Ignite Cluster Test
A node is assigned either one of the two roles: server node or client node. Server nodes are the workhorses of the cluster; they cache data, execute compute tasks, etc. Client nodes join the topology as regular nodes but they do not store data. Client nodes are used to stream data into the cluster and execute user queries.
A cluster is the core of Apache Ignite as it provides key benefits of distributed computing like load balancing, resilience, failover, high availability etc. If there is any issue in communication between cluster nodes, cluster job execution etc, Ignite will not be able to serve the application in optimal manner. That's the reason it is important to monitor Ignite Cluster so that any issues can be highlighted before it can affect cluster performance.
This test monitors Ignite cluster gather key statistics related to jobs, CPU load, waiting time etc. which provide key insights into it's health. These can help administrators help improve cluster performance, identify issues, failures and add right infrastructure at right time before application performance is affected.

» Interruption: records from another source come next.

lemma abelian_antichain_obtain_staircase:
  assumes "A \<in> abelian_antichains n s" "1 \<le> s"
  obtains i j where "staircase n s i j" "A = root_family s i j"
proof -
  have anti: "antichain n A" and ab: "abelian n A" and card: "card A = s"
    using assms(1) by (auto simp: abelian_antichains_def)
  have sub: "A \<subseteq> posroots n"
    using anti by (simp add: antichain_def)
  obtain l r where lr: "\<forall>a\<in>A. 1 \<le> l a \<and> l a \<le> r a \<and> r a \<le> n \<and> a = alpha (l a) (r a)"
    using sub unfolding mem_posroots_iff subset_iff by metis
  have no_containment: "a = b" if "a \<in> A" "b \<in> A" "l a \<le> l b" "r b \<le> r a" for a b
    using antichain_alpha_no_containment[OF anti, of "l b" "r b" "l a" "r a"] that lr by metis
  have "inj_on l A"
    by (rule inj_onI) (metis nle_le no_containment)
  then obtain e where e: "e ` {1..s} = A" "\<forall>k\<in>{1..<s}. l (e k) < l (e (Suc k))"
    using obtain_enumeration_by_key finite_subset[OF sub finite_posroots] card by metis
  define i where "i = l \<circ> e"
  define j where "j = r \<circ> e"
  have eA: "e k \<in> A" if "k \<in> {1..s}" for k
    using e(1) that by blast
  have "root_family s i j = (\<lambda>a. alpha (l a) (r a)) ` e ` {1..s}"
    by (auto simp: root_family_def i_def j_def)
  also have "\<dots> = A"
    using e(1) lr by force
  finally have "A = root_family s i j" ..
  moreover have "staircase n s i j"
    unfolding staircase_def
  proof (intro conjI ballI)
    fix k assume "k \<in> {1..s}"
    then show "1 \<le> i k" "j k \<le> n"
      using lr eA by (auto simp: i_def j_def)
  next
    fix k assume k: "k \<in> {1..<s}"
    then show "i k < i (Suc k)"
      using e(2) by (simp add: i_def)
    show "j k < j (Suc k)"
      using k e(2) eA no_containment[of "e k" "e (Suc k)"] by (force simp: i_def j_def)
  next
    have "e 1 \<in> A" "e s \<in> A"
      using eA assms(2) by auto
    then show "i s \<le> j 1"
      using abelian_alpha_overlap[OF ab sub, of "l (e 1)" "r (e 1)" "l (e s)" "r (e s)"] lr
      by (simp add: i_def j_def)
  qed
  ultimately show ?thesis
    using that by blast
qed

lemma abelian_antichains_eq_staircase_families:
  assumes "1 \<le> s"
  shows "abelian_antichains n s = {root_family s i j | i j. staircase n s i j}"
  using abelian_antichain_obtain_staircase[OF _ assms] root_family_mem_abelian_antichains
  by blast

section \<open>Counting by endpoint sets\<close>

lemma alpha_mem_root_family_iff:
  assumes "staircase n s i j" "p \<le> q"
  shows "alpha p q \<in> root_family s i j \<longleftrightarrow> (\<exists>k\<in>{1..s}. p = i k \<and> q = j k)"
proof
  assume "alpha p q \<in> root_family s i j"
  then obtain k where "k \<in> {1..s}" "alpha p q = alpha (i k) (j k)"
    by (auto simp: root_family_def)
  then show "\<exists>k\<in>{1..s}. p = i k \<and> q = j k"
    using assms(2) staircase_le(5)[OF assms(1)] alpha_eq_iff by blast
qed (auto simp: root_family_def)

definition root_endpoints :: "(nat \<Rightarrow> int) set \<Rightarrow> nat set" where
  "root_endpoints A = {p. \<exists>q. p \<le> q \<and> alpha p q \<in> A} \<union> {q. \<exists>p. p \<le> q \<and> alpha p q \<in> A}"

lemma root_endpoints_root_family:
  assumes "staircase n s i j"
  shows "root_endpoints (root_family s i j) = i ` {1..s} \<union> j ` {1..s}"
proof -
  have "{p. \<exists>q. p \<le> q \<and> alpha p q \<in> root_family s i j} = i ` {1..s}"
    "{q. \<exists>p. p \<le> q \<and> alpha p q \<in> root_family s i j} = j ` {1..s}"
    using alpha_mem_root_family_iff[OF assms] staircase_le(5)[OF assms] by fastforce+
  then show ?thesis
    by (simp add: root_endpoints_def)
qed

lemma staircase_sorted_list:
  assumes "sorted_wrt (<) x" "set x \<subseteq> {1..n}" "length x \<in> {2 * s - 1, 2 * s}"
  shows "staircase n s (\<lambda>k. x ! (k - 1)) (\<lambda>k. x ! (length x - s + k - 1))"
proof -
  have less: "x ! a < x ! b" if "a < b" "b < length x" for a b
    using sorted_wrt_nth_less[OF assms(1) that] .
  have mem: "x ! a \<in> {1..n}" if "a < length x" for a
    using assms(2) nth_mem[OF that] by blast
  show ?thesis
    unfolding staircase_def
  proof (intro conjI ballI)
    fix k assume "k \<in> {1..s}"
    then have "k - 1 < length x" "length x - s + k - 1 < length x"
      using assms(3) by auto
    then show "1 \<le> x ! (k - 1)" "x ! (length x - s + k - 1) \<le> n"
      using mem by auto
  next
    fix k assume "k \<in> {1..<s}"
    then have "k - 1 < Suc k - 1" "Suc k - 1 < length x"
      "length x - s + k - 1 < length x - s + Suc k - 1" "length x - s + Suc k - 1 < length x"
      using assms(3) by auto
    then show "x ! (k - 1) < x ! (Suc k - 1)"
      "x ! (length x - s + k - 1) < x ! (length x - s + Suc k - 1)"
      using less by blast+
  next
    show "x ! (s - 1) \<le> x ! (length x - s + 1 - 1)"
    proof (cases "s - 1 = length x - s + 1 - 1")
      case False
      then have "s - 1 < length x - s + 1 - 1" "length x - s + 1 - 1 < length x"
        using assms(3) by auto
      then show ?thesis
        using less by fastforce
    qed simp
  qed
qed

Target of the test : Apache Ignite Server
Agent deploying the test : An internal or external agent
Outputs of the test : One set of results for each Apache Ignite Server
Parameter |
Description |
---|---|
Test period |
How often should the test be executed. |
Host |
Enter the IP address of the Apache Ignite cluster. |
Port |
Enter the port number on which JMX connector listens to incoming connections requests. |
JMX Remote Port |
In this text box, enter the name of a virtual warehouse that needs to be monitored. The JMX connector listens on 8686 by default. If it listens on different port in your environment then specify the same. |
JMX User |
Specify the credentials of the user who is authorized to use JMX. |
JMX Password |
Specify the password for the authorized user. |
Confirm Password |
Confirm the password by retyping it here. |
Measurement |
Description |
Measurement Unit |
Interpretation |
---|---|---|---|
Active base line nodes |
Indicates the total number of nodes which are currently in the cluster baseline topology |
Number |
The capacity of cluster to hold data depends on the number of nodes and node configuration. If not enough number of nodes are available, the data requirements might not be met. |
Average active jobs |
Indicates the average number of active jobs executing at any given time on the each node. |
Number |
The number of active jobs dictate the cluster CPU capacity occupied. You must ensure that number of active jobs is optimal and there is enough CPU capacity available for new jobs. |
Average cancelled jobs |
Indicates the average number of jobs cancelled on each node. |
Seconds |
|
Average CPU load |
Indicates the CPU load values averaged over all metrics kept in history across all nodes. |
Percentage |
The number of active jobs dictate the cluster CPU capacity occupied. You must ensure that number of active jobs is optimal and there is enough CPU capacity available for new jobs, so the new jobs don't have to wait too long. |
Average job executes time |
Indicates the average time a job takes to execute on any node in the cluster. |
Seconds |
This is important metric to understand how many jobs can be scheduled and predict the jobs timings. |
Average job waits time |
Indicates the average time a jobs waits in the queue before it is picked for execution. |
Seconds |
If the wait time is too high it means more compute capacity is required, so adding new nodes can help. |
Average rejected job |
Indicates the average number of jobs rejected across all nodes during collision resolution operations. |
Number |
|
Average waiting jobs |
Indicates the average number of jobs waiting per node across all nodes in the cluster. |
Number |
If the number of waiting jobs is too high it means more compute capacity is required, so adding new nodes can help. |
Messages received rate |
Indicates the rate at which messages are received by nodes in the cluster. |
Messages/Sec |
If the rate is going down over a number of measurements, the communication between nodes needs to be improved. |
Messages sent rate |
Indicates the rate at which messages are sent by nodes in the cluster. |
Messages/Sec |
|
Idle time percentage |
Indicates the percentage time any given node is idle vs executing jobs. |
Percentage |
If there is too much idle time means the system has more capacity than required. Administrators can consider removing nodes and using them for other purpose. |
Total server nodes |
Indicates the total number of server nodes in the cluster. |
Number |
|
Total client nodes |
Indicates the total number of client nodes in the cluster. |
Number |
|